[Start of section]

lemma theta_star_eq:
  fixes Sig :: "real \<Rightarrow> real^'n^'n" and mu1 mu2 :: "real \<Rightarrow> real^'n"
  assumes pd: "pos_def (Sig u)"
  shows "theta_star Sig mu1 mu2 u
    = (1 / (4 + (Delta Sig mu1 mu2 u)\<^sup>2)) *\<^sub>R beta_star Sig mu1 mu2 u"
    (is "_ = ?\<theta>")
proof -
  have loss: "ls_loss Sig mu1 mu2 u \<theta> = ls_loss Sig mu1 mu2 u ?\<theta>
      + (\<theta> - ?\<theta>) \<bullet> (Sig u *v (\<theta> - ?\<theta>)) + ((\<theta> - ?\<theta>) \<bullet> delta mu1 mu2 u)\<^sup>2 / 4" for \<theta>
    using ls_loss_expansion[of Sig u mu1 mu2 "\<theta> - ?\<theta>", OF pd] by simp
  show ?thesis
    unfolding theta_star_def
  proof (rule the_equality)
    show "\<forall>\<theta>'. ls_loss Sig mu1 mu2 u ?\<theta> \<le> ls_loss Sig mu1 mu2 u \<theta>'"
    proof
      fix \<theta>'
      show "ls_loss Sig mu1 mu2 u ?\<theta> \<le> ls_loss Sig mu1 mu2 u \<theta>'"
        using loss[of \<theta>'] pos_def_nonneg[OF pd, of "\<theta>' - ?\<theta>"]
          zero_le_power2[of "(\<theta>' - ?\<theta>) \<bullet> delta mu1 mu2 u"] by linarith
    qed
  next
    fix \<theta> assume "\<forall>\<theta>'. ls_loss Sig mu1 mu2 u \<theta> \<le> ls_loss Sig mu1 mu2 u \<theta>'"
    then have "ls_loss Sig mu1 mu2 u \<theta> \<le> ls_loss Sig mu1 mu2 u ?\<theta>"
      by blast
    then have "(\<theta> - ?\<theta>) \<bullet> (Sig u *v (\<theta> - ?\<theta>)) \<le> 0"
      using loss[of \<theta>] zero_le_power2[of "(\<theta> - ?\<theta>) \<bullet> delta mu1 mu2 u"] by linarith
    then show "\<theta> = ?\<theta>"
      using pos_def_nonneg[OF pd, of "\<theta> - ?\<theta>"] pos_def_eq_0_iff[OF pd, of "\<theta> - ?\<theta>"] by simp
  qed
qed

lemma plugin_risk_eq:
  fixes Sig :: "real \<Rightarrow> real^'n^'n" and mu1 mu2 :: "real \<Rightarrow> real^'n"
    and m \<theta> :: "real^'n" and u :: real
  defines "s \<equiv> sqrt (\<theta> \<bullet> (Sig u *v \<theta>))"
  defines "t \<equiv> (m - mid mu1 mu2 u) \<bullet> \<theta> / s" and "d \<equiv> delta mu1 mu2 u \<bullet> \<theta> / (2 * s)"
  shows "plugin_risk Sig mu1 mu2 m \<theta> u = 1/2 * Phi (t - d) + 1/2 * Phi (- t - d)"
proof -
  have mu1: "m - mu1 u = (m - mid mu1 mu2 u) - (1/2) *\<^sub>R delta mu1 mu2 u"
    and mu2: "m - mu2 u = (m - mid mu1 mu2 u) + (1/2) *\<^sub>R delta mu1 mu2 u"
    by (simp_all add: mid_def delta_def vec_eq_iff algebra_simps)
  have "(m - mu1 u) \<bullet> \<theta> = (m - mid mu1 mu2 u) \<bullet> \<theta> - delta mu1 mu2 u \<bullet> \<theta> / 2"
    and "(m - mu2 u) \<bullet> \<theta> = (m - mid mu1 mu2 u) \<bullet> \<theta> + delta mu1 mu2 u \<bullet> \<theta> / 2"
    unfolding mu1 mu2 inner_diff_left inner_add_left inner_scaleR_left by simp_all
  then have "(m - mu1 u) \<bullet> \<theta> / s = t - d" and "(m - mu2 u) \<bullet> \<theta> / s = t + d"
    by (simp_all add: t_def d_def diff_divide_distrib add_divide_distrib)
  then show ?thesis
    by (simp add: plugin_risk_def s_def Phibar_eq_Phi_minus)
qed

section \<open>Perturbation of the plug-in risk\<close>

lemma cross_term_bounds:
  fixes D k q HS :: real
  assumes "0 < k" "q\<^sup>2 \<le> D\<^sup>2 * HS" "HS \<le> k\<^sup>2 * D\<^sup>2 / 16"
  shows "\<bar>q\<bar> \<le> k * D\<^sup>2 / 4" and "- (k\<^sup>2 * D\<^sup>2 / 4) \<le> k * q"
proof -
  have "q\<^sup>2 \<le> D\<^sup>2 * (k\<^sup>2 * D\<^sup>2 / 16)"
    using assms(2,3) by (meson order_trans mult_left_mono zero_le_power2)
  also have "\<dots> = (k * D\<^sup>2 / 4)\<^sup>2"
    by (simp add: power2_eq_square field_simps)
  finally show q: "\<bar>q\<bar> \<le> k * D\<^sup>2 / 4"
    using assms by (simp add: power2_le_iff_abs_le)
  then have "k * (- (k * D\<^sup>2 / 4)) \<le> k * q"
    using assms by (intro mult_left_mono) auto
  then show "- (k\<^sup>2 * D\<^sup>2 / 4) \<le> k * q"
    by (simp add: power2_eq_square)
qed

text \<open>Scalar form of the Cauchy-Schwarz defect of \<open>b\<close> and \<open>k b + h\<close> in a \<open>\<Sigma>\<close>-inner product,
  with \<open>D\<^sup>2 = b\<Sigma>b\<close>, \<open>q = b\<Sigma>h\<close> and \<open>HS = h\<Sigma>h\<close>: the identity \<open>gram\<close> shows that the defect
  only involves \<open>h\<close>.\<close>
lemma normalized_gap_bounds:
  fixes D k q HS :: real
  assumes "0 < D" "0 < k" "0 \<le> HS" "q\<^sup>2 \<le> D\<^sup>2 * HS" "HS \<le> k\<^sup>2 * D\<^sup>2 / 16"
  defines "s \<equiv> sqrt (k\<^sup>2 * D\<^sup>2 + 2 * k * q + HS)"
  defines "d \<equiv> (k * D\<^sup>2 + q) / (2 * s)"
  shows "k\<^sup>2 * D\<^sup>2 / 2 \<le> s\<^sup>2" and "0 < s" and "0 \<le> D / 2 - d" and "D / 2 - d \<le> D * HS / (2 * s\<^sup>2)"
proof -
  define p where "p = k * D\<^sup>2 + q"
  have d_eq: "d = p / (2 * s)"
    unfolding d_def p_def ..
  note cross = cross_term_bounds[OF \<open>0 < k\<close> assms(4,5)]
  have "0 < k * D\<^sup>2" "0 < k\<^sup>2 * D\<^sup>2"
    using assms by simp_all
  then have "0 < p" and arg: "k\<^sup>2 * D\<^sup>2 / 2 \<le> k\<^sup>2 * D\<^sup>2 + 2 * k * q + HS"
    using cross \<open>0 \<le> HS\<close> unfolding p_def by linarith+
  moreover have "0 < k\<^sup>2 * D\<^sup>2 + 2 * k * q + HS"
    using arg \<open>0 < k\<^sup>2 * D\<^sup>2\<close> by linarith
  ultimately have s_sq: "s\<^sup>2 = k\<^sup>2 * D\<^sup>2 + 2 * k * q + HS" and "0 < s"
    unfolding s_def by simp_all
  with arg show "k\<^sup>2 * D\<^sup>2 / 2 \<le> s\<^sup>2" and "0 < s"
    by simp_all
  have gram: "(D * s)\<^sup>2 - p\<^sup>2 = D\<^sup>2 * HS - q\<^sup>2"
    unfolding power_mult_distrib s_sq p_def by (simp add: power2_eq_square algebra_simps)
  then have "p\<^sup>2 \<le> (D * s)\<^sup>2"
    using assms(4) by linarith
  then have "p \<le> D * s"
    by (rule power2_le_imp_le) (use \<open>0 < D\<close> \<open>0 < s\<close> in simp)
  then show "0 \<le> D / 2 - d"
    using \<open>0 < s\<close> by (simp add: d_eq field_simps)
  have "(D * s - p) * (D * s) \<le> (D * s - p) * (D * s + p)"
    using \<open>p \<le> D * s\<close> \<open>0 < p\<close> by (intro mult_left_mono) auto
  also have "\<dots> = D\<^sup>2 * HS - q\<^sup>2"
    using gram by (simp add: power2_eq_square algebra_simps)
  also have "\<dots> \<le> D\<^sup>2 * HS"
    by simp
  finally have "D * s - p \<le> D * HS / s"
    using assms \<open>0 < s\<close> by (simp add: le_divide_eq power2_eq_square mult_ac)
  then have "(D * s - p) / (2 * s) \<le> (D * HS / s) / (2 * s)"
    using \<open>0 < s\<close> by (intro divide_right_mono) auto
  then show "D / 2 - d \<le> D * HS / (2 * s\<^sup>2)"
    using \<open>0 < s\<close> by (simp add: d_eq power2_eq_square diff_divide_distrib)
qed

[End of section]

§ **What the exercise asks**: The line containing "u \<theta> = ls_loss" marks the end: copy exactly every line from the top of the data above down to it, that line included.

§ **Task result**:
lemma theta_star_eq:
  fixes Sig :: "real \<Rightarrow> real^'n^'n" and mu1 mu2 :: "real \<Rightarrow> real^'n"
  assumes pd: "pos_def (Sig u)"
  shows "theta_star Sig mu1 mu2 u
    = (1 / (4 + (Delta Sig mu1 mu2 u)\<^sup>2)) *\<^sub>R beta_star Sig mu1 mu2 u"
    (is "_ = ?\<theta>")
proof -
  have loss: "ls_loss Sig mu1 mu2 u \<theta> = ls_loss Sig mu1 mu2 u ?\<theta>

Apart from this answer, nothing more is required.